A study of the Lego reactor’s impact on learning has been submitted for presentation at the Advancements in Nuclear Instrumentation Measurement Methods and their Applications conference (ANIMMA 2025), to be held in early June in Valencia, Spain. According to Lamirand, “Preliminary results suggest that the model fosters deeper engagement and conceptual understanding.”
“The accessibility and universal appeal of Lego make this model an ideal candidate for outreach activities beyond the classroom,” Lamirand said. He envisions its use in public science events or even in interactive workshops designed to introduce the fundamentals of nuclear science to diverse audiences. “The beauty of this model is that it speaks a language everyone understands. Whether you’re a child fascinated by how things work or an adult curious about nuclear energy, this tool can break down barriers and foster curiosity.”
Beyond organized events, the potential commercialization of the model CROCUS as a Lego set could bring nuclear science directly into homes, classrooms, and informal learning environments worldwide.
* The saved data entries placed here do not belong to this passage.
(* For $n\in\{0,1,2,\dots\}$ let \[ d_n=\frac{(-1)^n}{n!}\sum_{k=0}^{n}(-1)^kS(n,k)(2k-3)!!. \] Then $d_n\ge0$ for every $n\in\mathbb{N}=\{1,2,\dots\}$.
   Context: $S(n,k)$ are the Stirling numbers of the second kind, given by $\frac{(e^x-1)^k}{k!}=\sum_{n\ge k}S(n,k)\frac{x^n}{n!}$. Double factorials: $(2j-1)!!=1\cdot3\cdots(2j-1)$ for $j\ge1$, and $[-(2j+1)]!!=(-1)^j/(2j-1)!!$ for $j\ge0$, so $(-1)!!=1$ and $(-3)!!=-1$. *)

theory Defs
  imports Complex_Main "HOL-Combinatorics.Stirling"
begin

text \<open>odd_dfact j = (2j-1)!! for integer j: for j >= 1 the product 1*3*...*(2j-1);
  for j = -i <= 0 it is (-(2i+1))!! = (-1)^i / (2i-1)!!, so (-1)!! = 1 and (-3)!! = -1.\<close>

definition odd_dfact :: "int \<Rightarrow> real" where
  "odd_dfact j =
     (if j \<ge> 1 then (\<Prod>i=1..nat j. real (2*i - 1))
      else (-1) ^ nat (-j) / (\<Prod>i=1..nat (-j). real (2*i - 1)))"

definition d_seq :: "nat \<Rightarrow> real" where
  "d_seq n = (-1) ^ n / fact n *
     (\<Sum>k=0..n. (-1) ^ k * real (Stirling n k) * odd_dfact (int k - 1))"

end

theory Submission
  imports Defs "HOL-Computational_Algebra.Formal_Power_Series"
begin

text \<open>
  The exponential generating function of (-1)^k (2k-3)!! is B(t) = -sqrt(1 + 2t), and that of
  c^n S(n,k) for fixed k is (e^(cx) - 1)^k / k!. Hence the exponential generating function of
  d_n is D(x) = B(e^(-x) - 1), so D^2 = 2 e^(-x) - 1 and 2 D D' + D^2 + 1 = 0. Comparing
  coefficients, with d_0 = -1 and d_1 = 1, expresses 2 (n+1) d_(n+1) as a sum of products of
  d_1, ..., d_n, and nonnegativity follows by induction. Square roots are never formed:
  B^2 = 1 + 2t follows from the linear equation (1 + 2t) B' = B, which is the recurrence of
  the double factorials, by uniqueness of power series solutions.
\<close>

unbundle fps_syntax

lemma fps_deriv_eq_mult_imp_eq_0:
  fixes q C :: "'a::field_char_0 fps"
  assumes ode: "fps_deriv q = C * q" and q0: "q $ 0 = 0"
  shows "q = 0"
proof -
  have "\<forall>m\<le>n. q $ m = 0" for n
  proof (induction n)
    case 0
    then show ?case using q0 by simp
  next
    case (Suc n)
    have "of_nat (Suc n) * q $ Suc n = (C * q) $ n"
      using ode by (metis fps_deriv_nth Suc_eq_plus1)
    also have "\<dots> = 0"
      using Suc.IH by (auto simp: fps_mult_nth intro!: sum.neutral)
    finally have "q $ Suc n = 0"
      by (metis mult_eq_0_iff of_nat_neq_0)
    then show ?case using Suc.IH le_Suc_eq by auto
  qed
  then show ?thesis by (auto simp: fps_eq_iff)
qed

lemma fps_linear_ode_imp_eq_0:
  fixes q P C :: "'a::field_char_0 fps"
  assumes ode: "P * fps_deriv q = C * q" and "P $ 0 \<noteq> 0" and "q $ 0 = 0"
  shows "q = 0"
proof (rule fps_deriv_eq_mult_imp_eq_0)
  have "fps_deriv q = (inverse P * P) * fps_deriv q"
    using \<open>P $ 0 \<noteq> 0\<close> by (simp add: inverse_mult_eq_1)
  then show "fps_deriv q = (inverse P * C) * q"
    by (simp add: ode mult.assoc)
qed fact

lemma of_nat_Suc_times_divide_fact_Suc:
  "of_nat (Suc n) * (x / fact (Suc n)) = x / (fact n :: 'a::field_char_0)"
  by (metis fact_Suc nonzero_mult_divide_mult_cancel_left of_nat_neq_0 times_divide_eq_right)

definition Stirling_egf :: "'a::field_char_0 \<Rightarrow> nat \<Rightarrow> 'a fps" where
  "Stirling_egf c k = Abs_fps (\<lambda>n. c ^ n * of_nat (Stirling n k) / fact n)"

lemma fps_deriv_Stirling_egf_Suc:
  "fps_deriv (Stirling_egf c (Suc k)) =
    fps_const (c * of_nat (Suc k)) * Stirling_egf c (Suc k) + fps_const c * Stirling_egf c k"
proof (rule fps_ext)
  fix n
  have "fps_deriv (Stirling_egf c (Suc k)) $ n =
      of_nat (Suc n) * (c ^ Suc n * of_nat (Stirling (Suc n) (Suc k)) / fact (Suc n))"
    unfolding Stirling_egf_def fps_deriv_nth fps_nth_Abs_fps by (simp only: Suc_eq_plus1)
  also have "\<dots> = c ^ Suc n * of_nat (Stirling (Suc n) (Suc k)) / fact n"
    by (rule of_nat_Suc_times_divide_fact_Suc)
  also have "\<dots> =
      (fps_const (c * of_nat (Suc k)) * Stirling_egf c (Suc k) + fps_const c * Stirling_egf c k) $ n"
    by (simp add: Stirling_egf_def algebra_simps add_divide_distrib)
  finally show "fps_deriv (Stirling_egf c (Suc k)) $ n =
      (fps_const (c * of_nat (Suc k)) * Stirling_egf c (Suc k) + fps_const c * Stirling_egf c k) $ n" .
qed

lemma fps_deriv_fps_exp_minus_1_power_Suc:
  fixes c :: "'a::field_char_0"
  defines "F \<equiv> fps_exp c - 1"
  shows "fps_deriv (F ^ Suc k) = fps_const (c * of_nat (Suc k)) * (F ^ Suc k + F ^ k)"
proof -
  have "fps_deriv (F ^ Suc k) = fps_const (of_nat (Suc k)) * F ^ k * fps_const c * (F + 1)"
    by (simp only: fps_deriv_power diff_Suc_1) (simp add: F_def mult_ac)
  also have "\<dots> = fps_const (c * of_nat (Suc k)) * (F ^ Suc k + F ^ k)"
    by (simp only: fps_const_mult[symmetric] power_Suc distrib_left distrib_right mult_1_left mult_ac)
  finally show ?thesis .
qed

lemma fps_exp_minus_1_power:
  fixes c :: "'a::field_char_0"
  shows "(fps_exp c - 1) ^ k = fps_const (fact k) * Stirling_egf c k"
proof (induction k)
  case 0
  show ?case
  proof (rule fps_ext)
    fix n
    show "((fps_exp c - 1) ^ 0) $ n = (fps_const (fact 0) * Stirling_egf c 0) $ n"
      by (cases n) (simp_all add: Stirling_egf_def)
  qed
next
  case (Suc k)
  define F where "F = fps_exp c - 1"
  define R where "R = Stirling_egf c"
  define q where "q = F ^ Suc k - fps_const (fact (Suc k)) * R (Suc k)"
  have "fps_deriv (fps_const (fact (Suc k)) * R (Suc k)) =
      fps_const (c * of_nat (Suc k)) * (fps_const (fact (Suc k)) * R (Suc k))
      + (fps_const (fact (Suc k)) * fps_const c) * R k"
    by (simp only: R_def fps_deriv_mult_const_left fps_deriv_Stirling_egf_Suc distrib_left mult_ac)
  also have "fps_const (fact (Suc k)) * fps_const c = fps_const (c * of_nat (Suc k)) * fps_const (fact k)"
    by (simp add: fact_Suc mult_ac)
  also have "fps_const (c * of_nat (Suc k)) * (fps_const (fact (Suc k)) * R (Suc k))
      + fps_const (c * of_nat (Suc k)) * fps_const (fact k) * R k =
      fps_const (c * of_nat (Suc k)) * (fps_const (fact (Suc k)) * R (Suc k) + F ^ k)"
    using Suc.IH by (simp only: F_def R_def distrib_left mult.assoc)
  finally have "fps_deriv (fps_const (fact (Suc k)) * R (Suc k)) =
      fps_const (c * of_nat (Suc k)) * (fps_const (fact (Suc k)) * R (Suc k) + F ^ k)" .
  then have "fps_deriv q = fps_const (c * of_nat (Suc k)) * q"
    unfolding q_def fps_deriv_sub F_def fps_deriv_fps_exp_minus_1_power_Suc by (simp add: algebra_simps)
  moreover have "q $ 0 = 0"
    by (simp add: q_def F_def R_def Stirling_egf_def)
  ultimately have "q = 0"
    by (rule fps_deriv_eq_mult_imp_eq_0)
  then show ?case
    by (simp add: q_def F_def R_def)
qed

lemma odd_dfact_of_nat: "odd_dfact (int i) = (\<Prod>t=1..i. real (2 * t - 1))"
  by (cases "i = 0") (simp_all add: odd_dfact_def)

lemma odd_dfact_minus_of_nat: "odd_dfact (- int i) = (-1) ^ i / (\<Prod>t=1..i. real (2 * t - 1))"
  by (cases "i = 0") (simp_all add: odd_dfact_def)

lemma odd_dfact_rec: "odd_dfact j = of_int (2 * j - 1) * odd_dfact (j - 1)"
proof -
  define P where "P i = (\<Prod>t=1..i. real (2 * t - 1))" for i
  have P_Suc: "P (Suc i) = real (2 * i + 1) * P i" for i
    by (simp add: P_def prod.cl_ivl_Suc)
  have P_pos: "P i > 0" for i
    unfolding P_def by (rule prod_pos) auto
  show ?thesis
  proof (cases j rule: int_cases)
    case (nonneg n)
    show ?thesis
    proof (cases n)
      case 0
      then show ?thesis using nonneg by (simp add: odd_dfact_def)
    next
      case (Suc i)
      then have "j = int (Suc i)" "j - 1 = int i"
        using nonneg by simp_all
      then show ?thesis
        by (simp only: odd_dfact_of_nat flip: P_def) (simp add: P_Suc)
    qed
  next
    case (neg i)
    define r where "r = real (2 * Suc i + 1)"
    have "r > 0"
      by (simp add: r_def)
    have j: "j = - int (Suc i)" "j - 1 = - int (Suc (Suc i))"
      using neg by simp_all
    have "odd_dfact (j - 1) = - ((-1) ^ Suc i / (r * P (Suc i)))"
      unfolding j(2) odd_dfact_minus_of_nat P_def[symmetric] P_Suc[of "Suc i"] r_def by simp
    moreover have "of_int (2 * j - 1) = - r"
      unfolding j(1) r_def by simp
    ultimately show ?thesis
      using \<open>r > 0\<close> unfolding j(1) odd_dfact_minus_of_nat P_def[symmetric] by simp
  qed
qed

definition odd_dfact_egf :: "real fps" where
  "odd_dfact_egf = Abs_fps (\<lambda>k. (-1) ^ k * odd_dfact (int k - 1) / fact k)"

lemma odd_dfact_egf_nth_Suc: "of_nat (Suc k) * odd_dfact_egf $ Suc k = (1 - 2 * of_nat k) * odd_dfact_egf $ k"
proof -
  have rec: "odd_dfact (int (Suc k) - 1) = (2 * of_nat k - 1) * odd_dfact (int k - 1)"
    using odd_dfact_rec[of "int k"] by simp
  have "of_nat (Suc k) * odd_dfact_egf $ Suc k = (-1) ^ Suc k * odd_dfact (int (Suc k) - 1) / fact k"
    unfolding odd_dfact_egf_def fps_nth_Abs_fps by (rule of_nat_Suc_times_divide_fact_Suc)
  also have "\<dots> = (1 - 2 * of_nat k) * ((-1) ^ k * odd_dfact (int k - 1)) / fact k"
    unfolding rec by (simp add: algebra_simps)
  also have "\<dots> = (1 - 2 * of_nat k) * odd_dfact_egf $ k"
    by (simp add: odd_dfact_egf_def)
  finally show ?thesis .
qed

lemma odd_dfact_egf_ode: "(1 + 2 * fps_X) * fps_deriv odd_dfact_egf = odd_dfact_egf"
proof (rule fps_ext)
  fix n
  have deriv_nth: "fps_deriv odd_dfact_egf $ m = of_nat (Suc m) * odd_dfact_egf $ Suc m" for m
    by simp
  show "((1 + 2 * fps_X) * fps_deriv odd_dfact_egf) $ n = odd_dfact_egf $ n"
  proof (cases n)
    case 0
    then show ?thesis
      using odd_dfact_egf_nth_Suc[of 0] by (simp add: distrib_right fps_numeral_fps_const)
  next
    case (Suc m)
    then show ?thesis
      using odd_dfact_egf_nth_Suc[of "Suc m"]
      by (simp add: distrib_right fps_numeral_fps_const deriv_nth del: fps_deriv_nth)
        (simp add: algebra_simps)
  qed
qed

lemma odd_dfact_egf_square: "odd_dfact_egf ^ 2 = 1 + 2 * fps_X"
proof -
  define q where "q = odd_dfact_egf ^ 2 - (1 + 2 * fps_X)"
  have dq: "fps_deriv q = 2 * odd_dfact_egf * fps_deriv odd_dfact_egf - 2"
    by (simp add: q_def power2_eq_square algebra_simps)
  have "(1 + 2 * fps_X) * fps_deriv q =
      2 * odd_dfact_egf * ((1 + 2 * fps_X) * fps_deriv odd_dfact_egf) - 2 * (1 + 2 * fps_X)"
    unfolding dq by (simp add: algebra_simps)
  also have "\<dots> = 2 * q"
    unfolding odd_dfact_egf_ode q_def by (simp add: algebra_simps power2_eq_square)
  finally have ode: "(1 + 2 * fps_X) * fps_deriv q = 2 * q" .
  have q0: "q $ 0 = 0"
    by (simp add: q_def odd_dfact_egf_def fps_nth_power_0 odd_dfact_def)
  have "q = 0"
    by (rule fps_linear_ode_imp_eq_0[OF ode _ q0]) simp
  then show ?thesis
    by (simp add: q_def)
qed

lemma d_seq_egf: "Abs_fps d_seq = odd_dfact_egf oo (fps_exp (-1) - 1)"
proof (rule fps_ext)
  fix n
  have "(odd_dfact_egf oo (fps_exp (-1) - 1)) $ n =
      (\<Sum>k=0..n. odd_dfact_egf $ k * (fact k * ((-1) ^ n * of_nat (Stirling n k) / fact n)))"
    by (simp add: fps_compose_nth fps_exp_minus_1_power Stirling_egf_def)
  also have "\<dots> = d_seq n"
    unfolding d_seq_def odd_dfact_egf_def by (simp add: sum_distrib_left mult_ac)
  finally show "Abs_fps d_seq $ n = (odd_dfact_egf oo (fps_exp (-1) - 1)) $ n"
    by simp
qed

lemma d_seq_egf_square: "Abs_fps d_seq ^ 2 = 2 * fps_exp (-1) - 1"
proof -
  have F0: "(fps_exp (-1) - 1 :: real fps) $ 0 = 0"
    by simp
  have "Abs_fps d_seq ^ 2 = (1 + 2 * fps_X) oo (fps_exp (-1) - 1)"
    unfolding d_seq_egf fps_compose_power[OF F0] odd_dfact_egf_square ..
  also have "\<dots> = 1 + 2 * (fps_exp (-1) - 1)"
    by (simp add: fps_compose_add_distrib fps_compose_mult_distrib[OF F0] fps_numeral_fps_const)
  finally show ?thesis
    by (simp add: algebra_simps)
qed

lemma d_seq_egf_ode: "2 * Abs_fps d_seq * fps_deriv (Abs_fps d_seq) + Abs_fps d_seq ^ 2 + 1 = 0"
proof -
  have "2 * Abs_fps d_seq * fps_deriv (Abs_fps d_seq) = fps_deriv (Abs_fps d_seq ^ 2)"
    by (simp add: power2_eq_square algebra_simps)
  also have "\<dots> = - 2 * fps_exp (-1)"
    by (simp add: d_seq_egf_square fps_numeral_fps_const)
  finally show ?thesis
    by (simp add: d_seq_egf_square)
qed

lemma fps_square_ode_nth:
  fixes D :: "real fps"
  assumes ode: "2 * D * fps_deriv D + D ^ 2 + 1 = 0"
  shows "2 * (\<Sum>i=0..n. D $ i * (of_nat (n - i + 1) * D $ (n - i + 1)))
      + (\<Sum>i=0..n. D $ i * D $ (n - i)) + (if n = 0 then 1 else 0) = 0"
proof -
  have "(2 * D * fps_deriv D) $ n = 2 * (\<Sum>i=0..n. D $ i * (of_nat (n - i + 1) * D $ (n - i + 1)))"
    by (simp only: mult.assoc fps_numeral_fps_const fps_mult_left_const_nth)
      (simp only: fps_mult_nth fps_deriv_nth)
  moreover have "(D ^ 2) $ n = (\<Sum>i=0..n. D $ i * D $ (n - i))"
    by (simp add: power2_eq_square fps_mult_nth)
  moreover have "(2 * D * fps_deriv D + D ^ 2 + 1) $ n = 0"
    using ode by simp
  ultimately show ?thesis
    by simp
qed

lemma fps_square_ode_nth_nonneg:
  fixes D :: "real fps"
  assumes ode: "2 * D * fps_deriv D + D ^ 2 + 1 = 0" and D0: "D $ 0 = -1" and "n \<ge> 1"
  shows "D $ n \<ge> 0"
  using \<open>n \<ge> 1\<close>
proof (induction n rule: less_induct)
  case (less n)
  have D1: "D $ Suc 0 = 1"
    using fps_square_ode_nth[OF ode, of 0] D0 by simp
  show ?case
  proof (cases "n = 1")
    case True
    then show ?thesis using D1 by simp
  next
    case False
    then obtain m where n: "n = Suc (Suc m)"
      using less.prems by (metis One_nat_def Suc_le_D le_SucE not0_implies_Suc)
    have IH: "D $ j \<ge> 0" if "1 \<le> j" "j \<le> Suc m" for j
      using less.IH[of j] that n by simp
    define A where "A = (\<Sum>i=1..m. D $ i * (of_nat (Suc m - i + 1) * D $ (Suc m - i + 1)))"
    define B where "B = (\<Sum>i=1..m. D $ i * D $ (Suc m - i))"
    have "A \<ge> 0" "B \<ge> 0"
      unfolding A_def B_def by (auto intro!: sum_nonneg mult_nonneg_nonneg IH)
    have split: "(\<Sum>i=0..Suc m. f i) = f 0 + (\<Sum>i=1..m. f i) + f (Suc m)" for f :: "nat \<Rightarrow> real"
      by (simp add: sum.atLeast0_atMost_Suc sum.atLeast_Suc_atMost)
    have "2 * (- (of_nat (Suc m + 1) * D $ Suc (Suc m)) + A + D $ Suc m) + (- 2 * D $ Suc m + B) = 0"
      using fps_square_ode_nth[OF ode, of "Suc m"] unfolding split A_def B_def by (simp add: D0 D1)
    then have "D $ Suc (Suc m) = (2 * A + B) / (2 * of_nat (Suc m + 1))"
      by (simp add: field_simps)
    then show ?thesis
      using \<open>A \<ge> 0\<close> \<open>B \<ge> 0\<close> n by simp
  qed
qed

theorem theorem6p4:
  fixes n :: nat
  assumes "n \<ge> 1"
  shows "d_seq n \<ge> 0"
proof -
  have "Abs_fps d_seq $ 0 = -1"
    by (simp add: d_seq_def odd_dfact_def)
  from fps_square_ode_nth_nonneg[OF d_seq_egf_ode this assms] show ?thesis
    by simp
qed

end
Owing to Lego’s global popularity, the model has “the unique ability to make nuclear science approachable to an exceptionally broad audience—spanning different age groups, professions, and levels of familiarity with science,” observed Lamirand. “By leveraging the playful yet educational nature of Lego, the model has the potential to demystify nuclear science, inspire future scientists, and spark meaningful discussions about the role of nuclear energy in addressing global challenges.”
Vision for the future
Lamirand is clearly a creative and original thinker. He is also a nuclear scientist who holds values that are very important to him. When asked about his career goals, he said, “For me, ‘career goals’ is a surprising expression. I focus on people and purpose. My main objective is to contribute to our community by educating students—in the broad sense—and contributing meaningfully to the nuclear field. I enjoy developing new ideas and seeing them through with people to help motivate them.” He emphasizes the alignment of the nuclear field with ecological and societal values.
For Lamirand, projects like the Lego CROCUS are not just about education but are also about inspiring the next generation of nuclear professionals. “By making nuclear science tangible and engaging, we can motivate students to explore this field and contribute meaningfully to society.” Should Lego not commercialize the model, Lamirand plans to release it himself as a Lego “MOC” (my own creation), with instructions and a parts list available on an online community platform, thereby ensuring that anyone who is interested can build their own model CROCUS.
Whether as a teaching tool or a source of inspiration, Lamirand’s Lego reactor demonstrates how creativity and science can intersect to make complex topics more approachable. As the project continues to gain momentum, it serves as a testament to how simple ideas, like assembling a model from Lego, can have a profound impact on the education of students and the public understanding of nuclear science. Imagine the motivation and values that the CROCUS Lego model could help inspire should it be commercialized.